In biology, the Neutral Theory of Molecular Evolution states that this effect plays a dominant role in natural evolution. This has motivated researchers in the EA community to examine whether neutral mutations can improve EA functioning[25] by giving populations that have converged to a local optimum a way to escape that local optimum through genetic drift. This is discussed controversially and there are no conclusive results on neutrality in EAs.[26][27] On the other hand, there are other proven measures to handle premature convergence.
Locality
The locality of a genetic representation corresponds to the degree to which distances in the search space are preserved in the problem space after genotype-phenotype mapping. That is, a representation has a high locality exactly when neighbors in the search space are also neighbors in the problem space. In order for successful schemata not to be destroyed by genotype-phenotype mapping after a minor mutation, the locality of a representation must be high.
Scaling
In genotype-phenotype mapping, the elements of the genotype can be scaled (weighted) differently. The simplest case is uniform scaling: all elements of the genotype are equally weighted in the phenotype. A common scaling is exponential. If integers are binary coded, the individual digits of the resulting binary number have exponentially different weights in representing the phenotype.

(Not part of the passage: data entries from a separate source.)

inductive leftover :: "'a rel \<Rightarrow> ('a::comm_ring_1) list set \<Rightarrow> bool" for r where
  single: "leftover r {x}"
| split: "\<lbrakk> A \<noteq> {}; B \<noteq> {}; A \<inter> B = {}; leftover r A; leftover r B;
           colors r A \<inter> colors r B = {};
           \<forall>a\<in>A. \<forall>b\<in>B. phi r a b = \<gamma>;
           \<gamma> \<notin> colors r A \<union> colors r B \<rbrakk> \<Longrightarrow> leftover r (A \<union> B)"

end

theory Submission
  imports Defs
begin

(* A leftover structure on six vectors splits off a vertex e joined to the other five in one
   colour, and these five split off a vertex d joined to the remaining four in one colour: a
   split into parts of sizes at least 2 and 3 is impossible.  Every leftover set of at least
   three vectors contains a cherry, a vertex c with phi(c,a) = phi(c,b), and a cherry forces
   a - c and b - c to be linearly independent.  A monochromatic star from a vertex x to a, b, c
   has either a dot-product colour, so that x is orthogonal to a - c and b - c, or a coordinate
   colour, which must then be that of the first coordinate, so that a, b, c share their first
   coordinate.  For two vertices joined monochromatically to a cherry, and for the nested stars
   of d and e, every combination of these alternatives forces two distinct vectors to coincide
   or a coordinate to vanish. *)

section \<open>Vectors of length three\<close>

lemma length_3_conv: "length x = 3 \<Longrightarrow> x = [x!0, x!1, x!2]"
  by (simp add: list_eq_iff_nth_eq less_Suc_eq numeral_eq_Suc nth_Cons')

lemma list_3_eqI:
  "\<lbrakk>length x = 3; length y = 3; x!0 = y!0; x!1 = y!1; x!2 = y!2\<rbrakk> \<Longrightarrow> x = y"
  by (metis length_3_conv)

lemma vecsD:
  assumes "x \<in> vecs d"
  shows vecs_length: "length x = d" and vecs_nth_nonzero: "i < d \<Longrightarrow> x!i \<noteq> 0"
  using assms by (auto simp: vecs_def)

lemma dotp_commute: "dotp x y = dotp y x"
  unfolding dotp_def by (subst zip_commute) (simp add: comp_def mult.commute split_def)

lemma dotp_3:
  "length x = 3 \<Longrightarrow> length y = 3 \<Longrightarrow> dotp x y = x!0 * y!0 + x!1 * y!1 + x!2 * y!2"
  by (subst (1 2) length_3_conv) (simp_all add: dotp_def add.assoc)

definition vdiff :: "'a::ab_group_add list \<Rightarrow> 'a list \<Rightarrow> 'a list" where
  "vdiff x y = map2 (-) x y"

lemma length_vdiff [simp]: "length (vdiff x y) = min (length x) (length y)"
  by (simp add: vdiff_def)

lemma nth_vdiff [simp]: "i < length x \<Longrightarrow> i < length y \<Longrightarrow> vdiff x y ! i = x!i - y!i"
  by (simp add: vdiff_def)

lemma dotp_vdiff:
  fixes x y z :: "'a::comm_ring_1 list"
  assumes "length x = 3" "length y = 3" "length z = 3"
  shows dotp_vdiff_left: "dotp (vdiff x y) z = dotp x z - dotp y z"
    and dotp_vdiff_right: "dotp z (vdiff x y) = dotp z x - dotp z y"
  using assms by (simp_all add: dotp_3 algebra_simps)

lemma dotp_vdiff_eq_0_iff:
  fixes x y z :: "'a::comm_ring_1 list"
  shows "length x = 3 \<Longrightarrow> length y = 3 \<Longrightarrow> length z = 3 \<Longrightarrow>
    dotp z (vdiff x y) = 0 \<longleftrightarrow> dotp z x = dotp z y"
  by (simp add: dotp_vdiff_right)

lemma vdiff_right_cancel:
  assumes "length x = length z" "length y = length z" "vdiff x z = vdiff y z"
  shows "x = y"
proof (rule nth_equalityI)
  fix i assume "i < length x"
  then have "x!i - z!i = y!i - z!i" using assms by (metis nth_vdiff)
  then show "x!i = y!i" by simp
qed (use assms in simp)

definition parallel :: "'a::comm_ring list \<Rightarrow> 'a list \<Rightarrow> bool" where
  "parallel u v \<longleftrightarrow> u!1 * v!2 = u!2 * v!1 \<and> u!2 * v!0 = u!0 * v!2 \<and> u!0 * v!1 = u!1 * v!0"

lemma parallel_eq_if_dotp_eq:
  fixes u v w :: "'a::field list"
  assumes "length u = 3" "length v = 3" "length w = 3"
    and "parallel u v" "dotp w u = dotp w v" "dotp w u \<noteq> 0"
  shows "u = v"
proof -
  have "u!0 = v!0 \<and> u!1 = v!1 \<and> u!2 = v!2"
    using assms(4-6) unfolding parallel_def dotp_3[OF assms(3,1)] dotp_3[OF assms(3,2)] by algebra
  then show ?thesis using assms(1,2) by (simp add: list_3_eqI)
qed
text \<open>For \<open>0 \<le> A \<le> \<lambda> I\<close> the operator \<open>B = I - A/\<lambda>\<close> satisfies \<open>0 \<le> B \<le> I\<close>, so the binomial
  series \<open>U = \<Sum>\<^sub>k sqrt_coeff k B\<^sup>k\<close> of \<open>\<surd>(I - B)\<close> converges in norm, and \<open>\<surd>\<lambda> U\<close> is a positive
  square root of \<open>A\<close>.\<close>
locale sqrt_construction =
  fixes A :: "'a::chilbert_space \<Rightarrow> 'a" and lam :: real
  assumes positive: "positive_op A" and lam_pos: "0 < lam"
    and norm_le: "\<And>x. norm (A x) \<le> lam * norm x"
begin

definition B :: "'a \<Rightarrow> 'a" where
  "B x = x - (1/lam) *\<^sub>R A x"

definition U :: "'a \<Rightarrow> 'a" where
  "U x = (\<Sum>k. sqrt_coeff k *\<^sub>R (B ^^ k) x)"

definition sqrt_op :: "'a \<Rightarrow> 'a" where
  "sqrt_op x = sqrt lam *\<^sub>R U x"

lemma clinear_A: "clinear A"
  using positive by (simp add: positive_op_iff bounded_clinear_clinear)

lemma positive_form_A: "positive_form A"
  using positive by (simp add: positive_op_iff)

lemma clinear_B: "clinear B"
  unfolding B_def[abs_def] by (intro clinear_diff_fun clinear_ident clinear_scaleR_fun clinear_A)

lemma Re_cinner_B: "Re (cinner x (B x)) = (norm x)\<^sup>2 - (1/lam) * Re (cinner x (A x))"
  by (simp add: B_def cinner_diff_right cinner_scaleR_right cinner_self_Re)

lemma positive_form_B: "positive_form B"
  unfolding positive_form_def
proof
  fix x
  have "Re (cinner x (A x)) \<le> norm x * norm (A x)"
    using complex_Re_le_cmod order_trans cinner_cauchy_schwarz by blast
  also have "\<dots> \<le> norm x * (lam * norm x)" by (rule mult_left_mono[OF norm_le]) simp
  also have "\<dots> = lam * (norm x)\<^sup>2" by (simp add: power2_eq_square)
  finally have "(1/lam) * Re (cinner x (A x)) \<le> (norm x)\<^sup>2"
    using lam_pos by (simp add: field_simps)
  then show "Im (cinner x (B x)) = 0 \<and> 0 \<le> Re (cinner x (B x))"
    using positive_formD_Im[OF positive_form_A, of x]
    by (simp add: Re_cinner_B B_def cinner_diff_right cinner_scaleR_right cinner_self_Im cinner_self_Re)
qed

lemma Re_cinner_B_le: "Re (cinner x (B x)) \<le> (norm x)\<^sup>2"
  using positive_formD_Re[OF positive_form_A, of x] lam_pos by (simp add: Re_cinner_B)

lemma norm_B_le: "norm (B x) \<le> norm x"
proof -
  have "cmod (cinner x (B (B x))) = (norm (B x))\<^sup>2"
    by (simp only: positive_form_selfadjoint[OF clinear_B positive_form_B, symmetric] cinner_self_norm
        norm_of_real abs_power2)
  then have "((norm (B x))\<^sup>2)\<^sup>2 = (cmod (cinner x (B (B x))))\<^sup>2" by simp
  also have "\<dots> \<le> Re (cinner x (B x)) * Re (cinner (B x) (B (B x)))"
    by (rule positive_form_cauchy_schwarz[OF clinear_B positive_form_B])
  also have "\<dots> \<le> (norm x)\<^sup>2 * (norm (B x))\<^sup>2"
    using Re_cinner_B_le positive_formD_Re[OF positive_form_B] by (intro mult_mono) auto
  finally have "(norm (B x))\<^sup>2 * (norm (B x))\<^sup>2 \<le> (norm x)\<^sup>2 * (norm (B x))\<^sup>2"
    by (simp add: power2_eq_square[of "(norm (B x))\<^sup>2"])
  then have "(norm (B x))\<^sup>2 \<le> (norm x)\<^sup>2 \<or> norm (B x) = 0"
    by (metis mult_right_le_imp_le zero_less_power2 norm_eq_zero)
  then show ?thesis by (auto intro: power2_le_imp_le)
qed

lemma clinear_B_power: "clinear (B ^^ k)"
  by (induction k) (simp_all add: clinear_ident clinear_compose[OF clinear_B])

lemma norm_B_power_le: "norm ((B ^^ k) x) \<le> norm x"
  by (induction k) (auto intro: order_trans[OF norm_B_le])

lemma bounded_linear_B_power: "bounded_linear (B ^^ k)"
  by (rule bounded_linear_intro[where K = 1])
     (simp_all add: clinear_add[OF clinear_B_power] clinear_scaleR[OF clinear_B_power] norm_B_power_le)

lemma B_power_selfadjoint: "cinner ((B ^^ k) x) y = cinner x ((B ^^ k) y)"
proof (induction k arbitrary: x y)
  case (Suc k)
  have "cinner ((B ^^ Suc k) x) y = cinner ((B ^^ k) x) (B y)"
    by (simp add: positive_form_selfadjoint[OF clinear_B positive_form_B])
  also have "\<dots> = cinner x ((B ^^ Suc k) y)" by (simp add: Suc funpow_swap1)
  finally show ?case .
qed simp

lemma Im_cinner_B_power: "Im (cinner x ((B ^^ k) x)) = 0"
  using B_power_selfadjoint[of k x x] cinner_commute[of "(B ^^ k) x" x] by (simp add: complex_eq_iff)

lemma Re_cinner_B_power_le: "Re (cinner x ((B ^^ k) x)) \<le> (norm x)\<^sup>2"
proof -
  have "Re (cinner x ((B ^^ k) x)) \<le> norm x * norm ((B ^^ k) x)"
    using complex_Re_le_cmod order_trans cinner_cauchy_schwarz by blast
  also have "\<dots> \<le> (norm x)\<^sup>2" by (simp add: norm_B_power_le mult_left_mono power2_eq_square)
  finally show ?thesis .
qed

lemma summable_norm_U_terms: "summable (\<lambda>k. norm (sqrt_coeff k *\<^sub>R (B ^^ k) x))"
  by (rule summable_comparison_test[OF _ summable_mult2[OF summable_abs_sqrt_coeff, of "norm x"]])
     (auto intro!: mult_left_mono simp: norm_B_power_le)

lemma summable_U_terms: "summable (\<lambda>k. sqrt_coeff k *\<^sub>R (B ^^ k) x)"
  by (rule summable_norm_cancel[OF summable_norm_U_terms])

lemma norm_U_le: "norm (U x) \<le> 2 * norm x"
proof -
  have "norm (U x) \<le> (\<Sum>k. norm (sqrt_coeff k *\<^sub>R (B ^^ k) x))"
    unfolding U_def by (rule summable_norm[OF summable_norm_U_terms])
  also have "\<dots> \<le> (\<Sum>k. \<bar>sqrt_coeff k\<bar> * norm x)"
    by (intro suminf_le summable_norm_U_terms summable_mult2[OF summable_abs_sqrt_coeff])
       (simp add: norm_B_power_le mult_left_mono)
  also have "\<dots> \<le> 2 * norm x"
    by (intro suminf_le_const summable_mult2[OF summable_abs_sqrt_coeff])
       (simp add: mult_right_mono sqrt_coeff_abs_partial_sum_le flip: sum_distrib_right)
  finally show ?thesis .
qed

lemma clinear_U: "clinear U"
  unfolding clinear_def
proof (intro conjI allI)
  show "U (x + y) = U x + U y" for x y
    unfolding U_def
    by (simp add: suminf_add[OF summable_U_terms summable_U_terms] clinear_add[OF clinear_B_power]
        scaleR_right_distrib)
  have "bounded_linear (\<lambda>x::'a. c *\<^sub>C x)" for c
    by (rule bounded_linear_intro[where K = "cmod c"])
       (simp_all add: scaleC_add_right scaleR_scaleC scaleC_scaleC norm_scaleC mult.commute)
  from bounded_linear.suminf[OF this summable_U_terms]
  show "U (c *\<^sub>C x) = c *\<^sub>C U x" for c x
    unfolding U_def
    by (simp add: clinear_scaleC[OF clinear_B_power] scaleR_scaleC scaleC_scaleC mult.commute)
qed

lemma U_commute:
  assumes R: "bounded_clinear R" and RA: "\<And>x. R (A x) = A (R x)"
  shows "R (U x) = U (R x)"
proof -
  have "R (B x) = B (R x)" for x
    by (simp add: B_def clinear_diff[OF bounded_clinear_clinear[OF R]]
        clinear_scaleR[OF bounded_clinear_clinear[OF R]] RA)
  then have RB: "R ((B ^^ k) x) = (B ^^ k) (R x)" for k x
    by (induction k) simp_all
  show ?thesis
    unfolding U_def bounded_linear.suminf[OF bounded_clinear_bounded_linear[OF R] summable_U_terms]
    by (simp add: clinear_scaleR[OF bounded_clinear_clinear[OF R]] RB)
qed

- Example: The number 90 is written in binary (i.e., in base two) as 1011010. If now one of the front digits is changed in the binary notation, this has a significantly greater effect on the coded number than any changes at the rear digits (the selection pressure has an exponentially greater effect on the front digits).
For this reason, exponential scaling has the effect of randomly fixing the "posterior" locations in the genotype before the population gets close enough to the optimum to adjust for these subtleties.